Thanks so much for your detailed thoughts. The core of my current issue it turns out has nothing to do with thread collisions on cout, but rather grabbing argv without parsing. My code wouldn't crash if this bug were fixed because we actually never call cout when boost ut would also be calling cout.

As per threading, I would be happy if I could just direct ut messages to a buffer (e.g. a std::string) instead of cout, which I could then inspect at my leisure. I don't think any synchronization is necessary. But, I do think ut and ut2 should express in their READMEs that multi-threaded synchronization is not supported.

kris-jusiak commented 6 months ago

Could you please elaborate on grabbing argv without parsing problem. I know there is an issue there but was struggling to repro it therefore fixing it. Any chance for some repro example? Can release fixed version as soon as I can repro it, fixed should be easy but I just have to understand the problem. Thanks.

Indeed, will update README.

stephenberry commented 6 months ago

The program below causes std::abort to be called. Just including the boost ut header causes the program to crash.

#include "boost/ut.hpp"
#include <iostream>
#include <format>
#include <vector>

#include <thread>

int main(int argc, const char** argv)
{
    using namespace boost::ut;
    using namespace boost::ut::literals;

    cfg<override> = { .filter = argc == 1 ? "" : argv[1] };

    std::vector<std::jthread> threads;

    for (auto t = 0; t < 10; ++t) {
        threads.emplace_back(std::jthread([] {
            for (size_t i = 0; i < 100; ++i) {
                std::cout << std::format("{}", i) << '\n';
            }
            }));
    }

    for (auto& t : threads) {
        t.join();
    }
}
stephenberry commented 6 months ago

v1.1.9 works without error. You had mentioned above:

It's likely the change which grabs argv without passing, it was causing a lot of issues. BTW some issues can be solved by using v1.1.9 if you don't need fancy stuff with syncstream that may actually do it.

kris-jusiak commented 6 months ago

That's my suspicions, but I'm struggling to repro mentioned cases. Can you share your compiler, compiler flags, os?
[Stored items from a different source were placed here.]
(* Let $F$ satisfy the hypotheses of the scalar-offset setting (i.e. $F+r$ satisfies (A1) and (A3) for some $r\in\mathbb R$), and consider the linear family with basis $\psi=(F;1)$, i.e. $F_\theta=\theta_1F+\theta_2$, $\theta=(\theta_1,\theta_2)\in\Theta\subset\mathbb R^2$, assuming (A2) and (A4). Define $\theta^\circ_1=\arg\min_{\vartheta\in\mathbb R}[\Lambda_0(\vartheta F)-\vartheta\pi^1(F)]$ (assumed to exist), $\theta^\circ_2=0$, $\theta^\circ=(\theta^\circ_1,\theta^\circ_2)$, $r^\circ=\varrho_a-\Lambda_0(F_{\theta^\circ})$ and $\theta^*=\theta^\circ+r^\circ(0,1)$, and suppose $\theta^*\in\Theta$. Then $\theta^*$ minimizes $\theta\mapsto\bar J^*_\infty(\kappa;\theta)$ over $\Theta$ for every $\kappa>1$.
   Context: Setting: $(\mathsf Y,\mathcal B)$ measurable space; $X^0,X^1$ mutually independent stationary $\mathsf Y$-valued processes with marginals $\pi^0,\pi^1$, independent of a change time $\tau_a$; $\nu(G)=\int G\,d\nu$. $\Lambda_0(G)=\lim_n\frac1n\log E[\exp(\sum_{k=0}^{n-1}G(X^0_k))]$. (A1) for a function $G$: $\pi^0(G)<0<\pi^1(G)$. (A2): for some $\varrho_a\in(0,\infty)$, $\lim_n\frac1n\log P\{\tau_a\ge n\}=-\varrho_a$. (A3) for a function $G$: with $\Upsilon_0(\vartheta)=\Lambda_0(\vartheta G)$, $G$ belongs to the class $\mathcal G$ (functions for which the cumulant generating functions for $X^0,X^1$ exist finitely and the twisted marginals, twisted processes and relative entropy rates exist); there exist $\vartheta_+>\vartheta_0>0$ with $\Upsilon_0(\vartheta_0)=0$, $\Upsilon_0(\vartheta_+)=\varrho_a$; $\Upsilon_0$ is finite and $C^1$ near $[0,\vartheta_+]$; $\vartheta G\in\mathcal G$ for $\vartheta$ near $[0,\vartheta_+]$. (A4): $\Theta$ open; each $F_\theta$ satisfies (A3); components of $\psi$ are in $\mathcal G$; $(\vartheta,\theta)\mapsto\Lambda_0(\vartheta F_\theta)$ is $C^1$ near $\{(\vartheta,\theta):\vartheta\in[0,\vartheta_+^\theta],\theta\in\Theta\}$; $v^\top\psi\equiv1$ with $v=(0,1)$. Notation: $\vartheta_+^\theta$ solves $\Lambda_0(\vartheta_+^\theta F_\theta)=\varrho_a$ as in (A3); $m_1^\theta=\pi^1(F_\theta)$ (assumed positive); $\bar J^*_\infty(\kappa;\theta)=\frac{\log\kappa}{m_1^\theta\vartheta_+^\theta}$. *)

theory Defs
  imports "HOL-Probability.Probability"
begin

definition lnE :: "ennreal \<Rightarrow> ereal" where
  "lnE x = (if x = \<top> then \<infinity> else if x = 0 then -\<infinity> else ereal (ln (enn2real x)))"

text \<open>The n-th (n = Suc m) normalised log-moment generating functional
  (1/n) log E[exp(sum_{k<n} G(X_k))].\<close>
definition cgf_seq :: "'a measure \<Rightarrow> (nat \<Rightarrow> 'a \<Rightarrow> 'y) \<Rightarrow> ('y \<Rightarrow> real) \<Rightarrow> nat \<Rightarrow> ereal" where
  "cgf_seq M X G m =
     lnE (\<integral>\<^sup>+ \<omega>. ennreal (exp (\<Sum>k<Suc m. G (X k \<omega>))) \<partial>M) / ereal (real (Suc m))"

definition has_cgf :: "'a measure \<Rightarrow> (nat \<Rightarrow> 'a \<Rightarrow> 'y) \<Rightarrow> ('y \<Rightarrow> real) \<Rightarrow> bool" where
  "has_cgf M X G \<longleftrightarrow> (\<exists>L. cgf_seq M X G \<longlonglongrightarrow> L)"

definition has_finite_cgf :: "'a measure \<Rightarrow> (nat \<Rightarrow> 'a \<Rightarrow> 'y) \<Rightarrow> ('y \<Rightarrow> real) \<Rightarrow> bool" where
  "has_finite_cgf M X G \<longleftrightarrow> (\<exists>r::real. cgf_seq M X G \<longlonglongrightarrow> ereal r)"

definition cgf :: "'a measure \<Rightarrow> (nat \<Rightarrow> 'a \<Rightarrow> 'y) \<Rightarrow> ('y \<Rightarrow> real) \<Rightarrow> ereal" where
  "cgf M X G = (THE L. cgf_seq M X G \<longlonglongrightarrow> L)"

definition marg :: "'a measure \<Rightarrow> 'y measure \<Rightarrow> (nat \<Rightarrow> 'a \<Rightarrow> 'y) \<Rightarrow> 'y measure" where
  "marg M Y X = distr M Y (X 0)"

definition mean :: "'y measure \<Rightarrow> ('y \<Rightarrow> real) \<Rightarrow> real" where
  "mean \<pi> G = integral\<^sup>L \<pi> G"

definition proc :: "(nat \<Rightarrow> 'a \<Rightarrow> 'y) \<Rightarrow> 'a \<Rightarrow> (nat \<Rightarrow> 'y)" where
  "proc X \<omega> = (\<lambda>k. X k \<omega>)"

definition stationary :: "'a measure \<Rightarrow> 'y measure \<Rightarrow> (nat \<Rightarrow> 'a \<Rightarrow> 'y) \<Rightarrow> bool" where
  "stationary M Y X \<longleftrightarrow> (\<forall>k. X k \<in> measurable M Y) \<and>
     (\<forall>n. distr M (PiM UNIV (\<lambda>_. Y)) (\<lambda>\<omega> k. X (k + n) \<omega>) = distr M (PiM UNIV (\<lambda>_. Y)) (proc X))"

text \<open>Class G (partially): G measurable, pi^0- and pi^1-integrable,
  and the cumulant generating functions for X^0 and X^1 exist finitely.\<close>
definition classG :: "'a measure \<Rightarrow> 'y measure \<Rightarrow> (nat \<Rightarrow> 'a \<Rightarrow> 'y) \<Rightarrow> (nat \<Rightarrow> 'a \<Rightarrow> 'y)
                      \<Rightarrow> ('y \<Rightarrow> real) \<Rightarrow> bool" where
  "classG M Y X0 X1 G \<longleftrightarrow> G \<in> borel_measurable Y \<and>
      integrable (marg M Y X0) G \<and> integrable (marg M Y X1) G \<and>
      has_finite_cgf M X0 G \<and> has_finite_cgf M X1 G"

definition A1 :: "'a measure \<Rightarrow> 'y measure \<Rightarrow> (nat \<Rightarrow> 'a \<Rightarrow> 'y) \<Rightarrow> (nat \<Rightarrow> 'a \<Rightarrow> 'y)
                  \<Rightarrow> ('y \<Rightarrow> real) \<Rightarrow> bool" where
  "A1 M Y X0 X1 G \<longleftrightarrow> mean (marg M Y X0) G < 0 \<and> 0 < mean (marg M Y X1) G"

definition A3 :: "'a measure \<Rightarrow> 'y measure \<Rightarrow> (nat \<Rightarrow> 'a \<Rightarrow> 'y) \<Rightarrow> (nat \<Rightarrow> 'a \<Rightarrow> 'y)
                  \<Rightarrow> real \<Rightarrow> ('y \<Rightarrow> real) \<Rightarrow> bool" where
  "A3 M Y X0 X1 rho G \<longleftrightarrow> classG M Y X0 X1 G \<and>
     (\<exists>th0 thp. 0 < th0 \<and> th0 < thp \<and>
        cgf M X0 (\<lambda>y. th0 * G y) = ereal 0 \<and> cgf M X0 (\<lambda>y. thp * G y) = ereal rho \<and>
        (\<exists>U. open U \<and> {0..thp} \<subseteq> U \<and>
           (\<forall>th\<in>U. has_finite_cgf M X0 (\<lambda>y. th * G y) \<and> classG M Y X0 X1 (\<lambda>y. th * G y)) \<and>
           (\<lambda>th. real_of_ereal (cgf M X0 (\<lambda>y. th * G y))) C1_differentiable_on U))"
For me (linux, clang-17/gcc13, -O3/-O0)

stephenberry commented 6 months ago

Strange, I don't get crashes with the included code, and I thought this was safe.

https://stackoverflow.com/questions/6374264/is-cout-synchronized-thread-safe

Concurrent access to a synchronized (§27.5.3.4) standard iostream object’s formatted and unformatted input (§27.7.2.1) and output (§27.7.3.1) functions or a standard C stream by multiple threads shall not result in a data race (§1.10). [ Note: Users must still synchronize concurrent use of these objects and streams by multiple threads if they wish to avoid interleaved characters. — end note ]

According to this source C++11 guarantees no data races.

This behavior is consistent for me with GCC 13.2, 13.3, and the latest MSVC.

RalphSteinhagen commented 4 months ago

Hi @krzysztof-jusiak,

I’ve been thinking about the thread safety issue. What are your thoughts on encapsulating and redirecting error message streams via std::basic_osyncstream? This should ensure thread-safe output with minimal performance impact for most tests.

Would this be something you’d consider merging if I created a PR?

N.B. the argv issue is a different story and more related to whether unit-tests should be executed/defined as static entities or always explicitly invoked via main(...).

kris-jusiak commented 4 months ago

Hi @RalphSteinhagen, Yes, Please! I would really appreciate it and agree that osyncstream is the way to go here. Thank you!